Design of battery materials via defects and doping
Khang Hoang

TL;DR
This paper discusses how defect physics and doping strategies can be used to understand and design better battery materials, focusing on transition-metal oxides and defect landscapes.
Contribution
It introduces a first-principles methodology for studying defects in complex oxides and explores defect landscapes and doping effects relevant to battery cathode materials.
Findings
Defect landscapes influence electronic and ionic conduction.
Doping can modify defect properties and enhance performance.

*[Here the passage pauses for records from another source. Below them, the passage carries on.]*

(* Let $A$ be a $p\times p$ positive-semidefinite matrix. Assume $\{\lambda_{\max}(\Sigma_{i,A})\}^2/\mathrm{tr}(\Sigma_{i,A}^2)\to0$ as $p\to\infty$ for $i=1,2$, and $\limsup_{m\to\infty}\{\Delta(A)\}^2/K_1(A)<\infty$. Then $K(A)/K_1(A)=1+o(1)$ as $m\to\infty$.
   Context: Two populations on $\mathbb{R}^p$ have mean vectors $\mu_1,\mu_2$ and positive-definite covariance matrices $\Sigma_1,\Sigma_2$; sample sizes $n_1,n_2\ge4$. $\mu_A=A^{1/2}(\mu_1-\mu_2)$, $\Sigma_{i,A}=A^{1/2}\Sigma_iA^{1/2}$, $\Delta(A)=\|\mu_A\|^2$, $K_1(A)=2\sum_{i=1}^2\mathrm{tr}(\Sigma_{i,A}^2)/\{n_i(n_i-1)\}+4\mathrm{tr}(\Sigma_{1,A}\Sigma_{2,A})/(n_1n_2)$, $K_2(A)=4\sum_{i=1}^2\mu_A^T\Sigma_{i,A}\mu_A/n_i$, $K(A)=K_1(A)+K_2(A)$; $\lambda_{\max}(B)$ is the largest eigenvalue of $B$. Quantities may depend on $p,n_1,n_2$; $m=\min\{p,\min(n_1,n_2)\}$. *)

theory Defs
  imports "Jordan_Normal_Form.Spectral_Radius" "HOL-Library.Extended_Real" "HOL-Library.Liminf_Limsup"
begin

definition psd_mat :: "nat \<Rightarrow> real mat \<Rightarrow> bool" where
  "psd_mat p B \<longleftrightarrow> B \<in> carrier_mat p p \<and> transpose_mat B = B \<and>
     (\<forall>v \<in> carrier_vec p. v \<bullet> (B *\<^sub>v v) \<ge> 0)"

definition pd_mat :: "nat \<Rightarrow> real mat \<Rightarrow> bool" where
  "pd_mat p B \<longleftrightarrow> B \<in> carrier_mat p p \<and> transpose_mat B = B \<and>
     (\<forall>v \<in> carrier_vec p. v \<noteq> 0\<^sub>v p \<longrightarrow> v \<bullet> (B *\<^sub>v v) > 0)"

definition mat_sqrt :: "real mat \<Rightarrow> real mat" where
  "mat_sqrt A = (SOME B. psd_mat (dim_row A) B \<and> B * B = A)"

definition mat_trace :: "real mat \<Rightarrow> real" where
  "mat_trace B = (\<Sum>i<dim_row B. B $$ (i, i))"

definition lambda_max :: "real mat \<Rightarrow> real" where
  "lambda_max B = Max (spectrum B)"

definition SigA :: "real mat \<Rightarrow> real mat \<Rightarrow> real mat" where
  "SigA A S = mat_sqrt A * S * mat_sqrt A"

definition muA :: "real mat \<Rightarrow> real vec \<Rightarrow> real vec \<Rightarrow> real vec" where
  "muA A mu1 mu2 = mat_sqrt A *\<^sub>v (mu1 - mu2)"

definition Delta :: "real mat \<Rightarrow> real vec \<Rightarrow> real vec \<Rightarrow> real" where
  "Delta A mu1 mu2 = muA A mu1 mu2 \<bullet> muA A mu1 mu2"

definition K1 :: "real mat \<Rightarrow> real mat \<Rightarrow> real mat \<Rightarrow> nat \<Rightarrow> nat \<Rightarrow> real" where
  "K1 A S1 S2 n1 n2 =
     2 * (mat_trace (SigA A S1 * SigA A S1) / (real n1 * (real n1 - 1))
        + mat_trace (SigA A S2 * SigA A S2) / (real n2 * (real n2 - 1)))
     + 4 * mat_trace (SigA A S1 * SigA A S2) / (real n1 * real n2)"

definition K2 :: "real mat \<Rightarrow> real mat \<Rightarrow> real mat \<Rightarrow> real vec \<Rightarrow> real vec \<Rightarrow> nat \<Rightarrow> nat \<Rightarrow> real" where
  "K2 A S1 S2 mu1 mu2 n1 n2 =
     4 * (muA A mu1 mu2 \<bullet> (SigA A S1 *\<^sub>v muA A mu1 mu2) / real n1
        + muA A mu1 mu2 \<bullet> (SigA A S2 *\<^sub>v muA A mu1 mu2) / real n2)"

definition KK :: "real mat \<Rightarrow> real mat \<Rightarrow> real mat \<Rightarrow> real vec \<Rightarrow> real vec \<Rightarrow> nat \<Rightarrow> nat \<Rightarrow> real" where
  "KK A S1 S2 mu1 mu2 n1 n2 = K1 A S1 S2 n1 n2 + K2 A S1 S2 mu1 mu2 n1 n2"

end

theory Submission
  imports Defs
begin

text \<open>Since K = K1 + K2, it suffices that K2/K1 tends to 0. The Rayleigh bound
  mu_A' Sigma_{i,A} mu_A <= lambda_max(Sigma_{i,A}) Delta(A), together with
  K1 >= 2 tr(Sigma_{i,A}^2)/n_i^2 (all three trace terms of K1 are nonnegative), gives
  (K2/K1)^2 <= 16 (lambda_1^2/tr(Sigma_{1,A}^2) + lambda_2^2/tr(Sigma_{2,A}^2)) Delta^2/K1,
  a vanishing factor times an eventually bounded one. The matrix facts behind this (a psd square
  root exists, tr(PQ) >= 0 for psd P and Q, the Rayleigh bound) rest on the spectral theorem for
  real symmetric matrices, which follows by deflation with Householder reflections.\<close>

section \<open>Spectral theorem for real symmetric matrices\<close>

lemma index_mult_mat_sum:
  fixes X Y :: "'a::comm_ring_1 mat"
  assumes "X \<in> carrier_mat r n" "Y \<in> carrier_mat n c" "i < r" "j < c"
  shows "(X * Y) $$ (i, j) = (\<Sum>k<n. X $$ (i, k) * Y $$ (k, j))"
  using assms by (simp add: scalar_prod_def row_def col_def atLeast0LessThan)

lemma scalar_prod_self_pos:
  fixes v :: "real vec"
  assumes "v \<in> carrier_vec n" "v \<noteq> 0\<^sub>v n"
  shows "0 < v \<bullet> v"
  using conjugate_square_greater_0_vec[OF assms(1)] assms(2) by simp

lemma sym_real_mat_eigenvalue_real:
  fixes M :: "real mat" and v :: "nat \<Rightarrow> complex"
  assumes sym: "\<And>i j. i < n \<Longrightarrow> j < n \<Longrightarrow> M $$ (j, i) = M $$ (i, j)"
    and eig: "\<And>i. i < n \<Longrightarrow> (\<Sum>j<n. of_real (M $$ (i, j)) * v j) = \<mu> * v i"
    and nz: "i0 < n" "v i0 \<noteq> 0"
  shows "Im \<mu> = 0"
proof -
  define s where "s = (\<Sum>i<n. \<Sum>j<n. cnj (v i) * of_real (M $$ (i, j)) * v j)"
  define r where "r = (\<Sum>i<n. (cmod (v i))\<^sup>2)"
  have "(\<Sum>j<n. cnj (v i) * of_real (M $$ (i, j)) * v j) = \<mu> * (v i * cnj (v i))"
    if "i < n" for i
  proof -
    have "(\<Sum>j<n. cnj (v i) * of_real (M $$ (i, j)) * v j)
        = cnj (v i) * (\<Sum>j<n. of_real (M $$ (i, j)) * v j)"
      by (simp add: sum_distrib_left mult.assoc)
    thus ?thesis using eig[OF that] by (simp add: mult_ac)
  qed
  hence "s = (\<Sum>i<n. \<mu> * (v i * cnj (v i)))"
    unfolding s_def by (intro sum.cong) auto
  also have "\<dots> = \<mu> * of_real r"
    unfolding r_def of_real_sum sum_distrib_left
    by (intro sum.cong refl arg_cong[where f = "(*) \<mu>"]) (rule complex_norm_square[symmetric])
  finally have s_eq: "s = \<mu> * of_real r" .
  have "cnj s = (\<Sum>i<n. \<Sum>j<n. v i * of_real (M $$ (i, j)) * cnj (v j))"
    unfolding s_def by simp
  also have "\<dots> = (\<Sum>j<n. \<Sum>i<n. v i * of_real (M $$ (i, j)) * cnj (v j))"
    by (rule sum.swap)
  also have "\<dots> = s"
    unfolding s_def by (intro sum.cong refl) (simp add: sym mult_ac)
  finally have "Im s = 0" by (simp add: complex_eq_iff)
  moreover have "0 < r"
  proof -
    have "(cmod (v i0))\<^sup>2 \<le> r" unfolding r_def by (rule member_le_sum) (use nz in auto)
    moreover have "0 < (cmod (v i0))\<^sup>2" using nz by simp
    ultimately show ?thesis by linarith
  qed
  ultimately show ?thesis using s_eq by simp
qed

text \<open>The real and imaginary parts of a complex eigenvector for a real eigenvalue are real
  eigenvectors or zero, and not both vanish.\<close>
lemma sym_real_mat_eigenvector:
  fixes M :: "real mat"
  assumes M: "M \<in> carrier_mat n n" and sym: "transpose_mat M = M" and n: "0 < n"
  obtains l v where "v \<in> carrier_vec n" "v \<noteq> 0\<^sub>v n" "M *\<^sub>v v = l \<cdot>\<^sub>v v"
proof -
  define Mc where "Mc = map_mat complex_of_real M"
  have Mc: "Mc \<in> carrier_mat n n" using M unfolding Mc_def by auto
  from spectrum_non_empty[OF Mc n] obtain \<mu> where "eigenvalue Mc \<mu>"
    unfolding spectrum_def by auto
  then obtain v where v: "v \<in> carrier_vec n" "v \<noteq> 0\<^sub>v n" "Mc *\<^sub>v v = \<mu> \<cdot>\<^sub>v v"
    unfolding eigenvalue_def eigenvector_def using Mc by auto
  have eig: "(\<Sum>j<n. complex_of_real (M $$ (i, j)) * v $ j) = \<mu> * v $ i" if "i < n" for i
  proof -
    have "(Mc *\<^sub>v v) $ i = (\<mu> \<cdot>\<^sub>v v) $ i" using v(3) by simp
    then show ?thesis using that Mc v(1) M
      by (auto simp: Mc_def scalar_prod_def row_def atLeast0LessThan)
  qed
  obtain i0 where i0: "i0 < n" "v $ i0 \<noteq> 0"
    using v(1,2) by (metis carrier_vecD eq_vecI index_zero_vec(1,2))
  have sym': "M $$ (j, i) = M $$ (i, j)" if "i < n" "j < n" for i j
    using sym M that by (metis carrier_matD index_transpose_mat(1))
  have Im\<mu>: "Im \<mu> = 0"
    by (rule sym_real_mat_eigenvalue_real[of n M "\<lambda>j. v $ j", OF sym' eig i0]) auto
  have real_eig: "M *\<^sub>v vec n f = Re \<mu> \<cdot>\<^sub>v vec n f"
    if "\<And>i. i < n \<Longrightarrow> (\<Sum>j<n. M $$ (i, j) * f j) = Re \<mu> * f i" for f
    using that M by (intro eq_vecI) (auto simp: scalar_prod_def row_def atLeast0LessThan)
  show thesis
  proof (cases "Re (v $ i0) = 0")
    case True
    hence "vec n (\<lambda>i. Im (v $ i)) \<noteq> 0\<^sub>v n"
      using i0 complex_eq_iff by (metis index_vec index_zero_vec(1) zero_complex.simps)
    moreover have "M *\<^sub>v vec n (\<lambda>i. Im (v $ i)) = Re \<mu> \<cdot>\<^sub>v vec n (\<lambda>i. Im (v $ i))"
      using arg_cong[OF eig, of _ Im] Im\<mu> by (intro real_eig) (simp add: Im_sum)
    ultimately show thesis by (intro that) auto
  next
    case False
    hence "vec n (\<lambda>i. Re (v $ i)) \<noteq> 0\<^sub>v n" using i0(1)
      by (metis index_vec index_zero_vec(1))
    moreover have "M *\<^sub>v vec n (\<lambda>i. Re (v $ i)) = Re \<mu> \<cdot>\<^sub>v vec n (\<lambda>i. Re (v $ i))"
      using arg_cong[OF eig, of _ Re] Im\<mu> by (intro real_eig) (simp add: Re_sum)
    ultimately show thesis by (intro that) auto
  qed
qed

Guidelines for defect-controlled synthesis of battery materials.
Abstract
This chapter illustrates the use of defect physics as a conceptual and theoretical framework for understanding and designing battery materials. It starts with a methodology for first-principles studies of defects in complex transition-metal oxides. The chapter then considers defects that are activated in a cathode material during synthesis, during measurements, and during battery use. Through these cases, it discusses possible defect landscapes in the material and their implications, guidelines for materials design via defect-controlled synthesis, mechanisms for electronic and ionic conduction and for electrochemical extraction and (re-)insertion, and effects of doping. Although specific examples are taken from studies of battery cathode materials, the computational approach and discussions are general and applicable to any ionic, electronic, or mixed ionic-electronic conducting…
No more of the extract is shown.